BankThink

Financial System's Risk Navigator Still Has Blind Spots

The Office of Financial Research's latest annual report highlights a number of improvements in its measurement of systemic risk but stops well short of providing a forward-looking assessment of emerging risks.

The rollout of the office's Financial Stability Monitor provides a glimpse of how this tool will one day be valuable to the Financial Stability Oversight Council in mitigating potential sources of systemic risk. The office should be commended for its efforts in identifying a number of potential threats to the financial system. However, much work remains before decision makers at the council can use this information to ward off another crisis.

The Financial Stability Monitor prototype provides a current-year snapshot of the health of the financial sector along five key areas: macroeconomic; market; credit; funding and liquidity; and contagion risk. It's a tall order for any agency to distill the complexity of the financial sector, participants, products and interrelationships into a simple one-page assessment. The OFR takes a bold step to quantify these risks using state-of-the-art metrics and models.

Applying a color-coded heat map approach similar in concept to Homeland Security terrorist threat levels, the results for 2013 suggest overall risk to the financial sector has not changed much from 2012 and is what would be viewed as moderate risk on OFR's scale. To the agency's credit, it acknowledges that the framework is not forward-looking and needs to better incorporate qualitative aspects of market sentiment and risk appetite than it does. It is absolutely necessary that quantitative measures of systemic risks be developed and deployed in such assessments.

At the same time there tends to be an overreliance on methods that may not perform well before and during stress events due to data and analytical limitations. This is where informed judgment, gathered via an annual survey of industry experts and practitioners drawn from all corners of the financial sector, can augment quantitative results and provider a richer representation of risk. This could be of particular use to OFR in building a forward-looking assessment of the emerging risks that it flags. 
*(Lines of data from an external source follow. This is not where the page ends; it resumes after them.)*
lemma sq_le_if_sqrt13_bound:
  fixes x y :: real
  assumes "6 / (sqrt 13 - 1) * sqrt x \<le> y"
  shows "5 * x \<le> y\<^sup>2"
proof (cases "0 \<le> x")
  case True
  define r where "r = sqrt 13 - 1"
  have sqrt13: "3.4 < sqrt 13" by (rule real_less_rsqrt) (simp add: power2_eq_square)
  then have "2.4 < r" unfolding r_def by simp
  then have "6 * sqrt x \<le> y * r" using assms unfolding r_def by (simp add: field_simps)
  then have "(6 * sqrt x)\<^sup>2 \<le> (y * r)\<^sup>2" by (intro power_mono) (use True in simp_all)
  then have "36 * x \<le> y\<^sup>2 * r\<^sup>2" using True by (simp add: power_mult_distrib)
  moreover have "r\<^sup>2 = 14 - 2 * sqrt 13" unfolding r_def by (simp add: power2_eq_square algebra_simps)
  then have "y\<^sup>2 * r\<^sup>2 \<le> y\<^sup>2 * 7.2" using sqrt13 by (intro mult_left_mono) simp_all
  ultimately show ?thesis by simp
next
  case False
  then show ?thesis by (smt (verit) zero_le_power2)
qed

locale sub_amply_regular_graph =
  fixes V :: "'a set" and E :: "'a \<Rightarrow> 'a \<Rightarrow> bool" and k lam mu :: nat
  assumes finite_V: "finite V"
    and sym: "E x y \<Longrightarrow> E y x"
    and irrefl [simp]: "\<not> E x x"
    and edge_in_V: "E x y \<Longrightarrow> x \<in> V"
    and degree: "x \<in> V \<Longrightarrow> card (neighbors V E x) = k"
    and lambda: "E x y \<Longrightarrow> card (neighbors V E x \<inter> neighbors V E y) = lam"
    and mu: "dist_two V E x y \<Longrightarrow> card (neighbors V E x \<inter> neighbors V E y) \<le> mu"

lemma sub_amply_regular_graphI:
  assumes "sub_amply_regular V E n k lam mu"
  shows "sub_amply_regular_graph V E k lam mu"
proof unfold_locales
  note G = assms[unfolded sub_amply_regular_def simple_graph_def common_neighbors_def]
  fix x y
  show "finite V" using G by blast
  show "E x y \<Longrightarrow> E y x" using G by blast
  show "\<not> E x x" using G by blast
  show "E x y \<Longrightarrow> x \<in> V" using G by blast
  show "x \<in> V \<Longrightarrow> card (neighbors V E x) = k" using G by blast
  show "E x y \<Longrightarrow> card (neighbors V E x \<inter> neighbors V E y) = lam" using G by blast
  show "dist_two V E x y \<Longrightarrow> card (neighbors V E x \<inter> neighbors V E y) \<le> mu" using G by blast
qed

context sub_amply_regular_graph
begin

abbreviation N :: "'a \<Rightarrow> 'a set" where "N x \<equiv> neighbors V E x"

lemma in_N_iff [simp]: "y \<in> N x \<longleftrightarrow> E x y"
  using edge_in_V sym unfolding neighbors_def by blast

lemma N_subset_V: "N x \<subseteq> V"
  unfolding neighbors_def by auto

lemma finite_N [simp]: "finite (N x)"
  using N_subset_V finite_V by (rule finite_subset)

lemma degree_edge: "E x y \<Longrightarrow> card (N x) = k"
  using degree edge_in_V by blast

lemma card_common_le_mu:
  assumes "E x z" "E z y" "x \<noteq> y" "\<not> E x y"
  shows "card (N x \<inter> N y) \<le> mu"
proof (rule mu)
  have "x \<in> V" "z \<in> V" "y \<in> V"
    using edge_in_V[OF assms(1)] edge_in_V[OF assms(2)] edge_in_V[OF sym[OF assms(2)]] .
  with assms show "dist_two V E x y" unfolding dist_two_def by blast
qed

definition l :: real where "l = real lam + 1"
definition m :: real where "m = real mu - 1"
definition K :: real where "K = m * (real k - l)"

text \<open>For a triangle \<open>v x y\<close>, \<open>defect v x y\<close> counts the common neighbours of \<open>v\<close> and \<open>x\<close>,
  other than \<open>y\<close>, that are not adjacent to \<open>y\<close> (lemma \<open>defect_eq_card\<close>).\<close>
definition defect :: "'a \<Rightarrow> 'a \<Rightarrow> 'a \<Rightarrow> real" where
  "defect v x y = real lam - 1 - real (card (N v \<inter> N x \<inter> N y))"

lemma defect_commute: "defect v x y = defect v y x" "defect v x y = defect x v y"
  unfolding defect_def by (simp_all add: Int_ac)

lemma degree_split:
  assumes "E v x"
  shows "k = Suc (lam + card (N v - {x} - N x))"
  using card_split_point[of "N v" x "N x"] degree_edge[OF assms] lambda[OF assms] assms by simp

lemma l_le_k: "E v x \<Longrightarrow> l \<le> real k"
  using degree_split by (simp add: l_def)

lemma defect_eq_card:
  assumes "E v x" "a \<in> N v \<inter> N x"
  shows "defect v x a = real (card (N v \<inter> N x - {a} - N a))"
  unfolding defect_def
  using card_split_point[of "N v \<inter> N x" a "N a"] lambda[OF assms(1)] assms(2) by simp

lemma card_nonneighbours_eq:
  assumes "E v x" "a \<in> N v \<inter> N x"
  shows "card (N v \<inter> N x - {a} - N a) = card {b \<in> N v - {x} - N x. E a b}"
proof -
  have "E a v" "E a x" using assms(2) by (auto intro: sym)
  have "lam = Suc (card (N v \<inter> N x \<inter> N a) + card (N v \<inter> N x - {a} - N a))"
    using card_split_point[of "N v \<inter> N x" a "N a"] lambda[OF assms(1)] assms(2) by simp
  moreover have "lam = Suc (card (N a \<inter> N v \<inter> N x) + card (N a \<inter> N v - {x} - N x))"
    using card_split_point[of "N a \<inter> N v" x "N x"] lambda[OF \<open>E a v\<close>] \<open>E a x\<close> assms(1) by simp
  moreover have "N a \<inter> N v \<inter> N x = N v \<inter> N x \<inter> N a" by blast
  moreover have "N a \<inter> N v - {x} - N x = {b \<in> N v - {x} - N x. E a b}" by auto
  ultimately show ?thesis by simp
qed

lemma card_back_neighbours_le:
  assumes "E v x" "b \<in> N v - {x} - N x"
  shows "card {a \<in> N v \<inter> N x. E a b} + 1 \<le> mu"
proof -
  have "Suc (card {a \<in> N v \<inter> N x. E a b}) \<le> card (N b \<inter> N x)"
    by (rule Suc_card_le_card_if_insert_subset[where a = v]) (use assms in \<open>auto intro: sym\<close>)
  also have "\<dots> \<le> mu"
    by (rule card_common_le_mu[of b v x]) (use assms in \<open>auto intro: sym\<close>)
  finally show ?thesis by simp
qed

lemma sum_defect_le:
  assumes "E v x" "W \<subseteq> N v \<inter> N x"
  shows "(\<Sum>a\<in>W. defect v x a) \<le> K"
proof -
  define A B where "A = N v \<inter> N x" and "B = N v - {x} - N x"
  have "(\<Sum>a\<in>W. defect v x a) \<le> (\<Sum>a\<in>A. defect v x a)"
    using assms by (intro sum_mono2) (auto simp: A_def defect_eq_card)
  also have "\<dots> = (\<Sum>a\<in>A. real (card {b\<in>B. E a b}))"
    using assms(1) by (intro sum.cong) (auto simp: A_def B_def defect_eq_card card_nonneighbours_eq)
  also have "\<dots> = (\<Sum>b\<in>B. real (card {a\<in>A. E a b}))"
    \<comment> \<open>double counting the edges between \<open>A\<close> and \<open>B\<close>; each \<open>b \<in> B\<close> has at most \<open>\<mu> - 1\<close>
      neighbours in \<open>A\<close>, as \<open>v\<close> is one more common neighbour of \<open>b\<close> and \<open>x\<close>\<close>
    using sum_multicount_gen[of A B "\<lambda>a b. E a b" "\<lambda>b. card {a\<in>A. E a b}"]
    by (simp add: A_def B_def flip: of_nat_sum)
  also have "\<dots> \<le> real (card B) * m"
  proof (rule sum_bounded_above)
    fix b assume "b \<in> B"
    then have "real (card {a\<in>A. E a b} + 1) \<le> real mu"
      using card_back_neighbours_le[OF assms(1)] unfolding A_def B_def by (simp only: of_nat_le_iff)
    then show "real (card {a\<in>A. E a b}) \<le> m" by (simp add: m_def)
  qed
  also have "\<dots> = K" unfolding K_def l_def B_def using degree_split[OF assms(1)] by simp
  finally show ?thesis .
qed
Despite the tangible progress in sizing up threats to the financial system, there appear to be some gaps between what the agency believes are emerging threats and what is portrayed in the Financial Stability Monitor. The good news is the agency has undertaken a considerable effort to call out a number of risks that could potentially affect markets, such as: cyberattacks; the astonishing growth of short-term borrowing by mortgage real estate investment trusts and by the U.S. offices of foreign banks; and the buildup of interest rate risk exposures across the system, among others. Just how important these threats are over the next year or more is left unanswered by OFR. Therein lies a problem requiring the office's immediate attention.

For cybersecurity threats, for instance, the risk assessment largely is confined to isolated distributed denial of service attacks. Threats looming from more coordinated efforts to bring down a financial exchange or other market utility are not mentioned other than as potential technological disruptions as represented by the Flash Crash of 2010. It would seem further efforts to detect the potential for such threats to do greater systemic damage than DDoS scenarios on individual banks are called for in OFR's assessment protocols from now on.

The risk from REITs was highlighted by OFR, noted in part by the concentration risk in the industry from two companies holding two-thirds of the assets in the sector. Moreover, REITs account for nearly one-quarter of all repurchase agreement and Fed Funds liabilities, compared to less than 10% in 2010. In the spirit of "no good deed ever goes unpunished," now that OFR has rightfully called out this potential risk, clearly FSOC should take this issue up in its activities to mitigate risk holistically across the nonbank sector and require OFR to redouble its efforts on assessing this risk.

Another area of concern on OFR's radar is interest rate risk, which appears poised to only get worse over the next 12 months. This year we saw how investor uncertainty over Fed policy can lead to significant losses in bond portfolios. The OFR estimates that a 1% increase in interest rates could lead to a $200 billion loss in bond portfolios given the extension of bond portfolio durations over time. But what efforts are being taken by FSOC to rein in this risk before it becomes a major event?

Overall the OFR's Annual Report underscores major advancements in the detection and measurement of potential threats to the stability of the financial system. To the office's credit, it understands some of the limitations of the latest monitoring tools. Holding them back from making even more progress are a slew of data issues that must be addressed for these efforts to be anything more than interesting analysis.

Clifford Rossi is the Professor-of-the-Practice at the Robert H. Smith School of Business at the University of Maryland.